1. Identification and avoidance of precipitating factors

2. Treatment of acute attacks:

  • Simple analgesics (e.g. aspirin) with metoclopramide to enhance reduced absorption during an attack. If vomiting is prominent anti-emetic (domperidone or prochlorperazine) and analgesic can be helpful.
  • Sumatriptan (a selective 5HTI agonist) and other Triptans e.g. Naratriptan, Rizatriptan and Zolmitriptan – effectively reverse dilatation in extracranial vessels. Given orally or subcutaneously.
  • Ergotamine widespread action on 5HT receptors reversing dilatation. Give orally or by inhalation, injection or by suppository.
  • MethyIprednisolone i.m. or i. v. will halt the attack when prolonged (status migrainosus).

3. Prophylaxis: use only for frequent and severe attacks

  • Pizotifen   (5HT2 receptor blocker)
  • Propranolol (beta adrenergic receptor blocker)
  • Calcium antagonists (verapamil), antidepressants (amitriptyline) and anticonvulsants, (topiramate or sodium valproate).

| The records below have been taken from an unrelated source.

(* Let $\varphi$ be a DBI normal formula, let $k\ge1$ and $i_1,\dots,i_k\in\mathcal{A}$ with $i_j\neq i_{j+1}$ for all $j$, and let $\alpha_1,\dots,\alpha_k$ be the unique events of $\mathcal{U}_\varphi$ with $0\,Q^\varphi_{i_1}\alpha_1Q^\varphi_{i_2}\alpha_2\cdots Q^\varphi_{i_k}\alpha_k$. Then for every pointed Kripke model $(\mathcal{M},v)$: $\mathcal{M},v\vDash\widehat{B}_{i_1}\Bigl(\mathsf{pre}^\varphi(\alpha_1)\wedge\widehat{B}_{i_2}\bigl(\mathsf{pre}^\varphi(\alpha_2)\wedge\dots\widehat{B}_{i_k}\mathsf{pre}^\varphi(\alpha_k)\bigr)\Bigr)$ if and only if $\mathcal{M}\odot\mathcal{U}_\varphi,(v,0)\nvDash B_{i_1}\dots B_{i_k}\bot$.
   Context: Agents $\mathcal{A}=\{1,\dots,n\}$, $n>1$; language $\mathcal{L}$: $\varphi ::= p \mid \neg\varphi \mid (\varphi\wedge\varphi)\mid B_i\varphi$, with $\top,\bot$ as usual and $\widehat{B}_i\varphi:=\neg B_i\neg\varphi$. Kripke model $\mathcal{M}=\langle S,R,V\rangle$ (nonempty $S$, $R_i\subseteq S\times S$, $V:\mathit{Prop}\to 2^S$), standard truth. Action model $\mathcal{U}=\langle E,Q,\mathsf{pre}\rangle$ (nonempty $E$, $Q_i\subseteq E\times E$, $\mathsf{pre}:E\to\mathcal{L}$). Pointed update of $(\mathcal{M},w)$ with $(\mathcal{U},\alpha)$, defined iff $\mathcal{M},w\vDash\mathsf{pre}(\alpha)$: with $T=\{(x,\beta)\in S\times E\mid\mathcal{M},x\vDash\mathsf{pre}(\beta)\}$, $\mathcal{M}\odot\mathcal{U}=\langle S^{\mathcal U},R^{\mathcal U},V^{\mathcal U}\rangle$ where $S^{\mathcal U}$ is the smallest subset of $T$ containing $(w,\alpha)$ closed under: $(x,\beta)\in S^{\mathcal U}$, $(u,\gamma)\in T$, $xR_iu$, $\beta Q_i\gamma$ imply $(u,\gamma)\in S^{\mathcal U}$; $R^{\mathcal U}_i$ relates $(x,\beta),(u,\gamma)\in S^{\mathcal U}$ iff $xR_iu$ and $\beta Q_i\gamma$; $V^{\mathcal U}(p)=\{(x,\beta)\in S^{\mathcal U}\mid x\in V(p)\}$. Target agents: $\mathsf{ta}(p)=\varnothing$, $\mathsf{ta}(\neg\phi)=\mathsf{ta}(\phi)$, $\mathsf{ta}(\phi\wedge\psi)=\mathsf{ta}(\phi)\cup\mathsf{ta}(\psi)$, $\mathsf{ta}(B_i\phi)=\{i\}$. DBI formulas: $\varphi ::= B_i\xi \mid B_i(\xi\wedge\varphi)\mid(\varphi\wedge\varphi)\mid B_i\varphi$, $\xi$ purely propositional. DBI normal: $B_i\xi$ always; $B_i\varphi$, $B_i(\xi\wedge\varphi)$ iff $\varphi$ DBI normal and $i\notin\mathsf{ta}(\varphi)$; $\varphi\wedge\psi$ iff both DBI normal and $\mathsf{ta}(\varphi)\cap\mathsf{ta}(\psi)=\varnothing$. Action model $\mathcal{U}_\varphi=\langle E^\varphi,Q^\varphi,\mathsf{pre}^\varphi\rangle$ for DBI normal $\varphi$, recursively; always $E^\varphi=\{0,-1\}\sqcup D^\varphi$, $\varnothing\ne D^\varphi\subseteq\{1,2,\dots\}$, $\mathsf{pre}^\varphi(0)=\mathsf{pre}^\varphi(-1)=\top$; $\underline{Q}_j:=Q_j\cap((E\setminus\{0\})\times(E\setminus\{0\}))$. (1) $\varphi=B_i\xi$: $D=\{m\}$, $\mathsf{pre}(m)=\xi$, $Q_j=\{(0,-1),(m,-1),(-1,-1)\}$ ($j\ne i$), $Q_i=\{(0,m),(m,m),(-1,-1)\}$. (2) $\varphi=B_i\psi$: fresh $m\ge1$, $m\notin D^\psi$; $D^\varphi=D^\psi\sqcup\{m\}$; $\mathsf{pre}^\varphi$ extends $\mathsf{pre}^\psi$ with $\mathsf{pre}^\varphi(m)=\top$; $Q^\varphi_j=\underline{Q}^\psi_j\cup\{(0,-1)\}\cup\{(m,k)\mid(0,k)\in Q^\psi_j\}$ ($j\ne i$); $Q^\varphi_i=\underline{Q}^\psi_i\cup\{(0,m),(m,m)\}$. (3) $\varphi=B_i(\xi\wedge\psi)$: as (2) but $\mathsf{pre}^\varphi(m)=\xi$. (4) $\varphi=\psi\wedge\theta$: with $D^\psi\cap D^\theta=\varnothing$, $D^\varphi=D^\psi\sqcup D^\theta$, $\mathsf{pre}^\varphi=\mathsf{pre}^\psi\cup\mathsf{pre}^\theta$, $Q^\varphi_j=\underline{Q}^\psi_j\cup\underline{Q}^\theta_j\cup\{(0,k)\mid(0,k)\in Q^\psi_j\cup Q^\theta_j, k\in D^\psi\sqcup D^\theta\}\cup\{(0,-1)\mid\text{no such }k\text{ exists}\}$. In $\mathcal{U}_\varphi$ every event has exactly one $Q^\varphi_j$-successor for each agent $j$. *)

theory Defs
  imports Main
begin

datatype 'p form = Prop 'p | Neg "'p form" | Conj "'p form" "'p form" | B nat "'p form"

definition Bot :: "'p form" where
  "Bot = Conj (Prop undefined) (Neg (Prop undefined))"

definition Top :: "'p form" where
  "Top = Neg Bot"

definition Dia :: "nat \<Rightarrow> 'p form \<Rightarrow> 'p form" where
  "Dia i f = Neg (B i (Neg f))"

fun agents :: "'p form \<Rightarrow> nat set" where
  "agents (Prop p) = {}"
| "agents (Neg f) = agents f"
| "agents (Conj f g) = agents f \<union> agents g"
| "agents (B i f) = insert i (agents f)"

fun propositional :: "'p form \<Rightarrow> bool" where
  "propositional (Prop p) = True"
| "propositional (Neg f) = propositional f"
| "propositional (Conj f g) = (propositional f \<and> propositional g)"
| "propositional (B i f) = False"

record ('s, 'p) kripke =
  St :: "'s set"
  Rel :: "nat \<Rightarrow> ('s \<times> 's) set"
  Val :: "'p \<Rightarrow> 's set"

definition wf_kripke :: "nat \<Rightarrow> ('s, 'p) kripke \<Rightarrow> bool" where
  "wf_kripke n M \<longleftrightarrow> St M \<noteq> {} \<and> (\<forall>i\<in>{1..n}. Rel M i \<subseteq> St M \<times> St M)
     \<and> (\<forall>p. Val M p \<subseteq> St M)"

fun sat :: "('s, 'p) kripke \<Rightarrow> 's \<Rightarrow> 'p form \<Rightarrow> bool" where
  "sat M w (Prop p) = (w \<in> Val M p)"
| "sat M w (Neg f) = (\<not> sat M w f)"
| "sat M w (Conj f g) = (sat M w f \<and> sat M w g)"
| "sat M w (B i f) = (\<forall>u. (w, u) \<in> Rel M i \<longrightarrow> sat M u f)"

record 'p amodel =
  Ev :: "int set"
  Acc :: "nat \<Rightarrow> (int \<times> int) set"
  Pre :: "int \<Rightarrow> 'p form"

definition T_set :: "('s, 'p) kripke \<Rightarrow> 'p amodel \<Rightarrow> ('s \<times> int) set" where
  "T_set M U = {(x, \<beta>). x \<in> St M \<and> \<beta> \<in> Ev U \<and> sat M x (Pre U \<beta>)}"

inductive_set upd_states :: "('s, 'p) kripke \<Rightarrow> 'p amodel \<Rightarrow> 's \<Rightarrow> int \<Rightarrow> ('s \<times> int) set"
  for M U w \<alpha> where
  base: "(w, \<alpha>) \<in> T_set M U \<Longrightarrow> (w, \<alpha>) \<in> upd_states M U w \<alpha>"
| step: "(x, \<beta>) \<in> upd_states M U w \<alpha> \<Longrightarrow> (u, \<gamma>) \<in> T_set M U \<Longrightarrow> (x, u) \<in> Rel M i
         \<Longrightarrow> (\<beta>, \<gamma>) \<in> Acc U i \<Longrightarrow> (u, \<gamma>) \<in> upd_states M U w \<alpha>"

definition update :: "('s, 'p) kripke \<Rightarrow> 'p amodel \<Rightarrow> 's \<Rightarrow> int \<Rightarrow> ('s \<times> int, 'p) kripke" where
  "update M U w \<alpha> =
    \<lparr> St = upd_states M U w \<alpha>,
      Rel = (\<lambda>i. {((x, \<beta>), (u, \<gamma>)). (x, \<beta>) \<in> upd_states M U w \<alpha> \<and> (u, \<gamma>) \<in> upd_states M U w \<alpha>
                     \<and> (x, u) \<in> Rel M i \<and> (\<beta>, \<gamma>) \<in> Acc U i}),
      Val = (\<lambda>p. {(x, \<beta>). (x, \<beta>) \<in> upd_states M U w \<alpha> \<and> x \<in> Val M p}) \<rparr>"

fun ta :: "'p form \<Rightarrow> nat set" where
  "ta (Prop p) = {}"
| "ta (Neg f) = ta f"
| "ta (Conj f g) = ta f \<union> ta g"
| "ta (B i f) = {i}"

inductive dbi_normal :: "'p form \<Rightarrow> bool" where
  box_prop: "propositional \<xi> \<Longrightarrow> dbi_normal (B i \<xi>)"
| box: "dbi_normal \<phi> \<Longrightarrow> i \<notin> ta \<phi> \<Longrightarrow> dbi_normal (B i \<phi>)"
| box_conj: "propositional \<xi> \<Longrightarrow> dbi_normal \<phi> \<Longrightarrow> i \<notin> ta \<phi> \<Longrightarrow> dbi_normal (B i (Conj \<xi> \<phi>))"
| conj: "dbi_normal \<phi> \<Longrightarrow> dbi_normal \<psi> \<Longrightarrow> ta \<phi> \<inter> ta \<psi> = {} \<Longrightarrow> dbi_normal (Conj \<phi> \<psi>)"

definition underQ :: "(int \<times> int) set \<Rightarrow> (int \<times> int) set" where
  "underQ R = R \<inter> ((UNIV - {0}) \<times> (UNIV - {0}))"

text \<open>U_phi phi D U: U is an admissible construction of the action model for \<phi>
  (all choices of fresh event names allowed), with positive event set D
  and event set Ev U = {0,-1} \<union> D.\<close>

inductive U_phi :: "'p form \<Rightarrow> int set \<Rightarrow> 'p amodel \<Rightarrow> bool" where
  c1: "propositional \<xi> \<Longrightarrow> m \<ge> 1 \<Longrightarrow>
       U_phi (B i \<xi>) {m}
         \<lparr> Ev = {0, -1, m},
           Acc = (\<lambda>j. if j = i then {(0, m), (m, m), (-1, -1)} else {(0, -1), (m, -1), (-1, -1)}),
           Pre = (\<lambda>_. Top)(m := \<xi>) \<rparr>"
| c2: "U_phi \<psi> D U \<Longrightarrow> m \<ge> 1 \<Longrightarrow> m \<notin> D \<Longrightarrow> dbi_normal (B i \<psi>) \<Longrightarrow>
       U_phi (B i \<psi>) (D \<union> {m})
         \<lparr> Ev = {0, -1} \<union> D \<union> {m},
           Acc = (\<lambda>j. if j = i then underQ (Acc U j) \<union> {(0, m), (m, m)}
                      else underQ (Acc U j) \<union> {(0, -1)} \<union> {(m, k) | k. (0, k) \<in> Acc U j}),
           Pre = (Pre U)(m := Top) \<rparr>"
| c3: "propositional \<xi> \<Longrightarrow> U_phi \<psi> D U \<Longrightarrow> m \<ge> 1 \<Longrightarrow> m \<notin> D \<Longrightarrow> dbi_normal (B i (Conj \<xi> \<psi>)) \<Longrightarrow>
       U_phi (B i (Conj \<xi> \<psi>)) (D \<union> {m})
         \<lparr> Ev = {0, -1} \<union> D \<union> {m},
           Acc = (\<lambda>j. if j = i then underQ (Acc U j) \<union> {(0, m), (m, m)}
                      else underQ (Acc U j) \<union> {(0, -1)} \<union> {(m, k) | k. (0, k) \<in> Acc U j}),
           Pre = (Pre U)(m := \<xi>) \<rparr>"
| c4: "U_phi \<psi> D1 U1 \<Longrightarrow> U_phi \<theta> D2 U2 \<Longrightarrow> D1 \<inter> D2 = {} \<Longrightarrow> dbi_normal (Conj \<psi> \<theta>) \<Longrightarrow>
       U_phi (Conj \<psi> \<theta>) (D1 \<union> D2)
         \<lparr> Ev = {0, -1} \<union> D1 \<union> D2,
           Acc = (\<lambda>j. underQ (Acc U1 j) \<union> underQ (Acc U2 j)
                    \<union> {(0, k) | k. (0, k) \<in> Acc U1 j \<union> Acc U2 j \<and> k \<in> D1 \<union> D2}
                    \<union> (if \<exists>k. (0, k) \<in> Acc U1 j \<union> Acc U2 j \<and> k \<in> D1 \<union> D2 then {} else {(0, -1)})),
           Pre = (\<lambda>x. if x \<in> D1 then Pre U1 x else Pre U2 x) \<rparr>"

fun diachain :: "(nat \<times> 'p form) list \<Rightarrow> 'p form" where
  "diachain [] = Top"
| "diachain [(i, f)] = Dia i f"
| "diachain ((i, f) # rest) = Dia i (Conj f (diachain rest))"

fun boxes :: "nat list \<Rightarrow> 'p form \<Rightarrow> 'p form" where
  "boxes [] f = f"
| "boxes (i # ags) f = B i (boxes ags f)"

end

theory Submission
  imports Defs
begin

text \<open>In every action model \<open>U_phi \<phi> D U\<close> each event has at most one \<open>Q\<^sub>j\<close>-successor;
  in the conjunction case this holds because the two components share only the events \<open>0\<close>
  and \<open>-1\<close>, \<open>-1\<close> is absorbing, and \<open>0\<close> has a proper successor only for target agents,
  which are disjoint. Consequently, if \<open>\<gamma>\<close> is the \<open>Q\<^sub>i\<close>-successor of \<open>\<beta>\<close>, the
  \<open>R\<^sub>i\<close>-successors of \<open>(x, \<beta>)\<close> in the product are exactly the pairs \<open>(u, \<gamma>)\<close> with
  \<open>x R\<^sub>i u\<close> and \<open>u \<Turnstile> pre(\<gamma>)\<close>. Following the unique event path
  \<open>0 Q\<^sub>i\<^sub>1 \<alpha>\<^sub>1 \<dots> Q\<^sub>i\<^sub>k \<alpha>\<^sub>k\<close>, a path refuting \<open>B\<^sub>i\<^sub>1 \<dots> B\<^sub>i\<^sub>k \<bottom>\<close> from
  \<open>(v, 0)\<close> is therefore the same thing as a path in \<open>M\<close> witnessing the chain of diamonds.\<close>

lemma sat_Bot [simp]: "\<not> sat M w Bot"
  by (simp add: Bot_def)

lemma sat_Top [simp]: "sat M w Top"
  by (simp add: Top_def)

lemma sat_Dia: "sat M w (Dia i f) \<longleftrightarrow> (\<exists>u. (w, u) \<in> Rel M i \<and> sat M u f)"
  by (simp add: Dia_def)

lemma sat_diachain_Cons:
  "sat M w (diachain ((i, f) # rest)) \<longleftrightarrow>
    (\<exists>u. (w, u) \<in> Rel M i \<and> sat M u f \<and> sat M u (diachain rest))"
  by (cases rest) (auto simp: sat_Dia)

lemma dbi_normal_Conj_ta_disjoint: "dbi_normal (Conj \<psi> \<theta>) \<Longrightarrow> ta \<psi> \<inter> ta \<theta> = {}"
  by (cases rule: dbi_normal.cases) auto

Medication Overuse Headaches

Some patients with episodic tension headache or migraine find their headache pattern changes so that they have headaches most days. Many such patients take regular analgesics and/or Triptans and this overuse (>14 days a month) can cause medication overuse headaches (MOB). These do not respond to prophylactic agents and will improve on stopping the regular analgesics; this can take some weeks and headaches can be worse in the short-term.

Transformed Migraine

If patients with migraine go on to develop chronic daily headache without overusing medication this is transformed migraine. It usually responds to migraine prophylactic agents.